Probably not. This phase of the hype cycle is a fad, but we've reached the point where if you have a content database 10% the size of the internet you can algorithmically generate human-seeming text (or audio, or video) without paying a human to do it; this isn't going to change when the hype fades, the tech is here already and will continue to improve so long as it isn't regulated into the grave. This tech is an existential threat to the content-creation business, which includes such fun people as:

  • People who write news articles
  • People who write editorials
  • People who write fiction
  • People who answer questions for others on the internet
  • People who write HOW TO articles
  • People who write blog posts (hello there)
  • People who do voice-over work
  • People who create bed-track music for podcasts
  • People who create image libraries (think Getty Images)
  • People who create cover art for books
  • People who create fan art for commission

The list goes on. The impact here will be similar to how streaming services affected musician and actor income streams: profound.

AI is going to fundamentally change the game for a number of industries. It may be a fad, but for people working in the affected industries this fad is changing the nature of work. I still say AI itself isn't the fad, the fad is all the starry-eyed possibilities people dream of using AI for.

It's a bullshit generator, it's not real

Doesn't matter. AI is right often enough to fit squarely into human cognitive biases of trustworthy. Not all engines are the same, Google Bard and Microsoft Bing have some famous failures here, but this will change over the next two years. AI answers are right often enough, and helpful often enough, that such answers are worth looking into. Again, I refer you to my post from April titled "Cognitive biases and LLM/AI".

Today (May 1, 2023) ChatGPT is the Apple iPhone to Microsoft and Google's feature-phones. Everyone knows what happened when Apple created the smartphone market, and the money doesn't want to be on the not Apple side of that event. You're going to see extreme innovation in this space to try and knock ChatGPT off its perch (first mover is not a guarantee to be the best mover) and the success metric is going to be "doesn't smell like bullshit."

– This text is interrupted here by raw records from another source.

lemma Vfam_imp_GDn:
  assumes "E \<in> Vfam (D+1) n" "D \<ge> 3"
  shows "E \<in> GDn D n"
proof -
  obtain v where "v < n" and iso: "comp_iso E (comp E v) (Hk (D+1)) (Suc (D+1))"
    and others: "\<And>u. u < n \<Longrightarrow> comp E u \<noteq> comp E v \<Longrightarrow> card (comp E u) \<le> 2 * (D+1) - 2"
    using assms(1) unfolding Vfam_def by auto
  have "card (comp E v) = Suc (D+1)"
    using iso unfolding comp_iso_def by (auto dest: bij_betw_same_card)
  then have "card (comp E u) \<le> 2 * D" if "u < n" for u
    using others[OF that] assms(2) by (cases "comp E u = comp E v") auto
  then show ?thesis using assms(1) unfolding Vfam_def GDn_def by auto
qed

text \<open>The isomorphism onto K_1 \/ co-M_(D-1) \/ K_2 must send the deficient vertex to the apex,
  the only vertex of degree D - 1 there.\<close>

lemma Vfam_closed_walks:
  assumes V: "E \<in> Vfam (D+1) n" and D: "D \<ge> 3"
  shows "walks_between n E j (deficient_vertex D n E) (deficient_vertex D n E)
    = walks_between (Suc (D+1)) (Hk (D+1)) j 0 0"
proof -
  have g: "is_graph n E" and nr: "nearly_regular n D E" using V unfolding Vfam_def by auto
  obtain v where v: "v < n" and "comp_iso E (comp E v) (Hk (D+1)) (Suc (D+1))"
    using V unfolding Vfam_def by auto
  then obtain f where f: "bij_betw f (comp E v) {0..<Suc (D+1)}"
    and iso: "\<forall>u\<in>comp E v. \<forall>x\<in>comp E v. E u x \<longleftrightarrow> Hk (D+1) (f u) (f x)"
    unfolding comp_iso_def by blast
  interpret nearly_regular_graph n E D "deficient_vertex D n E"
    using nearly_regular_graph_deficient_vertex[OF g nr] D by simp
  interpret transfer: closed_set_iso n "Suc (D+1)" E "Hk (D+1)" "comp E v" f
    using comp_bounded[OF g v] neighbours_subset_comp f iso by unfold_locales auto
  obtain u0 where u0: "u0 \<in> comp E v" "f u0 = 0"
    using f unfolding bij_betw_def by (metis atLeastLessThan_iff imageE zero_less_Suc le0)
  have "deg n E u0 = D - 1"
    using bij_betw_same_card[OF transfer.bij_betw_neighbours_iso[OF u0(1)]] u0(2) neighbours_Hk_apex[OF D]
    by (simp add: deg_eq_card_neighbours)
  then have "u0 = deficient_vertex D n E"
    using deg_other u0(1) comp_bounded[OF g v] D by fastforce
  then show ?thesis using transfer.walks_between_iso[OF u0(1) u0(1)] u0(2) by simp
qed

lemma extremal_closed_walks_imp_Vfam:
  assumes E: "E \<in> GDn D n" and D: "odd D" "D \<ge> 3"
    and c3: "walks_between n E 3 (deficient_vertex D n E) (deficient_vertex D n E) = (D-1)*(D-3)"
    and c4: "walks_between n E 4 (deficient_vertex D n E) (deficient_vertex D n E) = closed4_max D"
  shows "E \<in> Vfam (D+1) n"
proof -
  interpret deficient_component n E D "deficient_vertex D n E"
    by (rule GDn_deficient_component[OF E D])
  have X: "card Xw = 2" using closed_walks_4_eq_imp_card_Xw c3 c4 by simp
  have t: "edges_NX = 2 * (D - 1)" using closed_walks_3_eq_iff c3 by simp
  have "comp_iso E Cw (Hk (D+1)) (Suc (D+1))"
    using Cw_iso_Hk[OF X extremal_card_Xw_2(1,2)[OF t X]] codeg_Xw_extremal(1)[OF t] X by simp
  then show ?thesis
    using E w_bounded unfolding Vfam_def GDn_def Cw_def by (auto intro!: exI[of _ "deficient_vertex D n E"])
qed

Note: "Doesn't smell like bullshit," not, "is not bullshit". Key, key difference.

Generative AI is based on theft

This sentiment is based on the training sets used for these learning models, and also on a liberal interpretation of copyright fair use. Content creators are beginning to create content under new licenses that specifically exclude use in training-sets. To my knowledge, these licenses have yet to be tested in court.

That said, this complaint about theft is the biggest threat to the AI gold rush. People don't like thieves, and if AI gets a consensus definition of thievery, trust will drop. Companies following an AI at all costs playbook to try and not get left behind will have to pay close attention to user perceptions of thievery. Companies with vast troves of user-generated data that already have a reputation for remixing, such as Facebook and Google, will have an easier time of this because users already expect such behavior from them (even if they disapprove of it). Companies that have high trust for being safe guardians of user created data will have a much harder time unless they're clear from the outset about the role of user created data in training models.

The perception of thievery is the thing most likely to halt the fad-period of AI, not being a bullshit generator.

Any company that ships AI features is losing my business

The fad phase of AI means just about everyone will be doing it, so you're going to have some hard choices to make. The people who can stick to this are the kind of people that are already self-hosting a bunch of things, and are fine with adding a few more. For the rest of us we have harm reduction techniques like using zero-knowledge encryption for whatever service we use for file-sync and email. That said, even the hold-out companies may reach for AI if it looks to have real legs in the marketplace.

Yeah. Like it or not, AI development is going to dominate the next few years of big-tech innovation.

I wrote this because I keep having this conversation with people, and this makes a handy place to point folk at.